В-четвертых, изучение современных игроков продемонстрировало ценность формирования кросс-секционной выборки. Несмотря на отсутствие преимуществ, свойственных лонгитюдному исследованию, выборочное исследование имеет свои сильные стороны. Например, оно позволило нам задать ориентиры для «нормальности», показать способы, которыми люди справляются со стрессом помимо азартных игр, а также исследовать уровень коморбидности среди игроманов. На фоне «среднего человека» и «среднего игромана» нам становится проще оценить отдельные патологические случаи, такие как у Достоевского. Кроме того, мы яснее видим типичный «жизненный путь» развития игровой зависимости, а также отклонения от него. Короче говоря, выборочное исследование нивелирует уникальные черты и обнажает контуры общего сходства между проблемными игроками. Вот почему выборочное исследование в определенном смысле эффективнее исследования конкретных случаев, которому, в частности, отдавал предпочтение Фрейд.
По этим стандартам Достоевский выглядит нетипичным игроком даже для своей эпохи. Он играл не из соображений престижа, хотя происходил из семьи среднего класса и был образованным человеком. Он играл ради денег, хотя ему никогда не удавалось выиграть много или сохранить то, что он выиграл. Предположительно, он начал играть во взрослом возрасте и через десять лет навсегда бросил игру – эта страсть, короткая и яркая, заняла, таким образом, место в ряду других его страстей. Подобно собственным персонажам – ив отличие от большинства реальных людей – Достоевский был чужд умеренности. И, несмотря на веру в «систему», в его игре прослеживается та же хаотичность и бессистемность, что и во всей жизни.
Есть только один важный пункт, в котором Достоевский похож на большинство современных игроков: как и они, он нуждался в любви и заботе со стороны супруги, благодаря которой он в итоге смог побороть игровую зависимость.
В-пятых, в ходе исследования мы убедились в ценности спонтанной беседы с глазу на глаз. В ходе таких интервью респонденты делятся информацией, которую сложнее было бы передать в более структурированных и формальных видах коммуникации, таких как книги или биографические рассказы. Это значит, что из личной переписки и доверительной беседы мы можем узнать многое, чему, разумеется, нет места в тщательно проработанном романе. Следовательно, при изучении биографии Достоевского нужно меньше полагаться на его книги и активнее использовать другие источники информации, например пересказы бесед и сохранившуюся переписку. С литературной точки зрения они менее изящны и обладают меньшей ценностью. Однако, как мы видим из исследования современных игроков, именно эти источники позволяют нам лучше понять повседневную жизнь игрока, которую сложно воспроизвести даже в самом блестящем романе.

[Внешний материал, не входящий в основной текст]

lemma induced_aut_in_Aut:
  assumes f: "f \<in> Aut D R"
  shows "induced_aut f \<in> Aut DB RB"
proof -
  have "bij_betw (inv_into DB h \<circ> act f \<circ> h) DB DB"
    using bij_betw_trans[OF h_bij bij_betw_trans[OF act_bij[OF ofd f] bij_betw_inv_into[OF h_bij]]]
    by (simp add: comp_assoc)
  then have "bij_betw (induced_aut f) DB DB"
    by (rule bij_betw_cong[THEN iffD1, rotated]) (simp add: induced_aut_def)
  moreover have "bs \<in> RB t \<longleftrightarrow> map (induced_aut f) bs \<in> RB t" if bs: "set bs \<subseteq> DB" for t bs
  proof -
    have map_h: "map h (map (induced_aut f) bs) = map (act f) (map h bs)"
      using bs h_induced_aut[OF f] by auto
    have "map (induced_aut f) bs \<in> RB t \<longleftrightarrow> map h (map (induced_aut f) bs) \<in> Q t"
      using bs induced_aut_in_DB[OF f] by (intro h_rel) auto
    also have "\<dots> \<longleftrightarrow> map (act f) (map h bs) \<in> Q t" unfolding map_h ..
    also have "\<dots> \<longleftrightarrow> map h bs \<in> Q t" by (rule map_act_in_Q_iff[OF f])
    also have "\<dots> \<longleftrightarrow> bs \<in> RB t" using h_rel[OF bs] by simp
    finally show ?thesis by simp
  qed
  ultimately show ?thesis by (simp add: Aut_def induced_aut_def)
qed

sublocale aut_transfer D R DB RB induced_aut
  by unfold_locales (rule induced_aut_in_Aut)

definition encodings :: "nat \<Rightarrow> 'a list set" where
  "encodings n = concat ` {yss. set yss \<subseteq> S \<and> length yss = n}"

definition decode_rep :: "'a list \<Rightarrow> 'b" where
  "decode_rep ys = inv_into DB h (E``{ys})"

definition decode :: "nat \<Rightarrow> 'a list \<Rightarrow> 'b list" where
  "decode n xs = map decode_rep (chunks d n xs)"

lemma S_tuples: "S \<subseteq> tuples D d"
  using ofd by (simp add: orbit_finite_data_def)

lemma concat_tuples:
  assumes "set yss \<subseteq> S"
  shows "concat yss \<in> tuples D (length yss * d)" and "chunks d (length yss) (concat yss) = yss"
proof -
  have "\<forall>ys\<in>set yss. set ys \<subseteq> D \<and> length ys = d" using assms S_tuples by (auto simp: tuples_def)
  then show "concat yss \<in> tuples D (length yss * d)" "chunks d (length yss) (concat yss) = yss"
    by (auto simp: tuples_def length_concat_const chunks_concat)
qed

lemma decode_concat:
  "set yss \<subseteq> S \<Longrightarrow> decode (length yss) (concat yss) = map decode_rep yss"
  by (simp add: decode_def concat_tuples(2))

lemma decode_rep_in_DB: "ys \<in> S \<Longrightarrow> decode_rep ys \<in> DB"
  using bij_betwE[OF bij_betw_inv_into[OF h_bij]] by (simp add: decode_rep_def quotientI)

lemma decode_rep_map:
  assumes f: "f \<in> Aut D R" and ys: "ys \<in> S"
  shows "decode_rep (map f ys) = induced_aut f (decode_rep ys)"
  using decode_rep_in_DB[OF ys] bij_betw_inv_into_right[OF h_bij] act_class[OF ofd f ys]
  by (simp add: decode_rep_def induced_aut_def quotientI ys)

lemma encodings_tuples: "encodings n \<subseteq> tuples D (n * d)"
  using concat_tuples(1) by (auto simp: encodings_def)

lemma decode_image_encodings: "decode n ` encodings n = tuples DB n"
proof
  show "decode n ` encodings n \<subseteq> tuples DB n"
  proof (rule image_subsetI)
    fix xs assume "xs \<in> encodings n"
    then obtain yss where yss: "set yss \<subseteq> S" "length yss = n" "xs = concat yss"
      by (auto simp: encodings_def)
    have "set (map decode_rep yss) \<subseteq> DB"
      using yss(1) decode_rep_in_DB by auto
    then show "decode n xs \<in> tuples DB n"
      unfolding yss(3) yss(2)[symmetric] decode_concat[OF yss(1)] by (simp add: tuples_def)
  qed
  show "tuples DB n \<subseteq> decode n ` encodings n"
  proof
    fix bs assume bs: "bs \<in> tuples DB n"
    have "\<forall>b\<in>DB. \<exists>ys. ys \<in> S \<and> h b = E``{ys}"
      using bij_betwE[OF h_bij] by (auto simp: quotient_def)
    then obtain rep where rep: "\<And>b. b \<in> DB \<Longrightarrow> rep b \<in> S \<and> h b = E``{rep b}"
      by (auto dest!: bchoice)
    have reps: "set (map rep bs) \<subseteq> S" "length (map rep bs) = n"
      using rep bs by (auto simp: tuples_def)
    then have "concat (map rep bs) \<in> encodings n" by (auto simp: encodings_def)
    moreover have "decode n (concat (map rep bs)) = bs"
      using decode_concat[OF reps(1)] reps(2) rep bs bij_betw_inv_into_left[OF h_bij]
      by (auto simp: decode_rep_def tuples_def intro!: map_idI)
    ultimately show "bs \<in> decode n ` encodings n" by (rule rev_image_eqI[OF _ sym])
  qed
qed

lemma decode_map_encodings:
  assumes f: "f \<in> Aut D R" and xs: "xs \<in> encodings n"
  shows "map f xs \<in> encodings n \<and> decode n (map f xs) = map (induced_aut f) (decode n xs)"
proof
  obtain yss where yss: "set yss \<subseteq> S" "length yss = n" "xs = concat yss"
    using xs by (auto simp: encodings_def)
  have S_map: "set (map (map f) yss) \<subseteq> S"
    using yss(1) ofd f by (auto simp: orbit_finite_data_def)
  show "map f xs \<in> encodings n"
    using S_map yss by (auto simp: encodings_def map_concat)
  have "decode n (map f xs) = map decode_rep (map (map f) yss)"
    using decode_concat[OF S_map] yss(2,3) by (simp only: map_concat length_map)
  also have "\<dots> = map (induced_aut f) (map decode_rep yss)"
    using yss(1) decode_rep_map[OF f] by auto
  also have "\<dots> = map (induced_aut f) (decode n xs)"
    using decode_concat[OF yss(1)] yss(2,3) by simp
  finally show "decode n (map f xs) = map (induced_aut f) (decode n xs)" .
qed

lemma equivariant_decoding_encodings:
  "equivariant_decoding (n * d) (encodings n) n (decode n)"
  using encodings_tuples decode_image_encodings decode_map_encodings
  by (simp add: equivariant_decoding_def)

lemma decodings: "\<exists>m T \<rho>. equivariant_decoding m T n \<rho>"
  using equivariant_decoding_encodings by blast

lemma oligomorphic_interpreted: "oligomorphic D R \<Longrightarrow> oligomorphic DB RB"
  by (rule oligomorphic_if_decodings[OF decodings])

lemma finite_length_property_interpreted:
  "finite_length_property D R TYPE('f::field) \<Longrightarrow> finite_length_property DB RB TYPE('f)"
  by (rule finite_length_property_if_decodings[OF decodings])

end

theorem mainTheorem17:
  fixes D :: "'a set" and R :: "'s \<Rightarrow> 'a list set" and ar :: "'s \<Rightarrow> nat"
    and DB :: "'b set" and RB :: "'t \<Rightarrow> 'b list set" and arB :: "'t \<Rightarrow> nat"
  assumes "wf_struct D R ar" and "countable D" and "infinite D"
    and "oligomorphic D R"
    and "finite_length_property D R TYPE('f::field)"
    and "wf_struct DB RB arB"
    and "fo_interpretable D R DB RB arB"
  shows "oligomorphic DB RB \<and> finite_length_property DB RB TYPE('f)"
proof -
  obtain d S E Q h where "orbit_finite_data D R d S E"
    and "\<forall>t. \<forall>f\<in>Aut D R. \<forall>cs\<in>Q t. map (act f) cs \<in> Q t"
    and "bij_betw h DB (S // E)"
    and "\<forall>t bs. set bs \<subseteq> DB \<longrightarrow> (bs \<in> RB t \<longleftrightarrow> map h bs \<in> Q t)"
    using assms(7) unfolding fo_interpretable_def by blast
  then interpret fo_interpretation D R DB RB d S E Q h
    by unfold_locales auto
  show ?thesis
    using oligomorphic_interpreted[OF assms(4)] finite_length_property_interpreted[OF assms(5)] by blast
qed

end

В-шестых, мы обнаружили у игроков определенный паттерн: как правило, стресс, пережитый во взрослой жизни, пробуждает у человека воспоминания о детской травме, тем самым вызывая потребность в сильной копинг-стратегии. Как мы обнаружили, существует множество типов детской травмы. Факторы стресса тоже могут быть самыми разными, и зачастую они действуют в течение длительного промежутка времени. Более выносливые люди могут терпеть стресс значительно дольше. Но в конечном итоге человек все равно обращается к той или иной копинг-стратегии. Те, кто умеет эффективно справляться со стрессом во взрослой жизни, лучше всего сопротивляются различным видам зависимостей, в том числе и игромании. Однако когда человек исчерпал все возможности копинга и адаптации, он становится наиболее уязвим перед лицом игровой зависимости.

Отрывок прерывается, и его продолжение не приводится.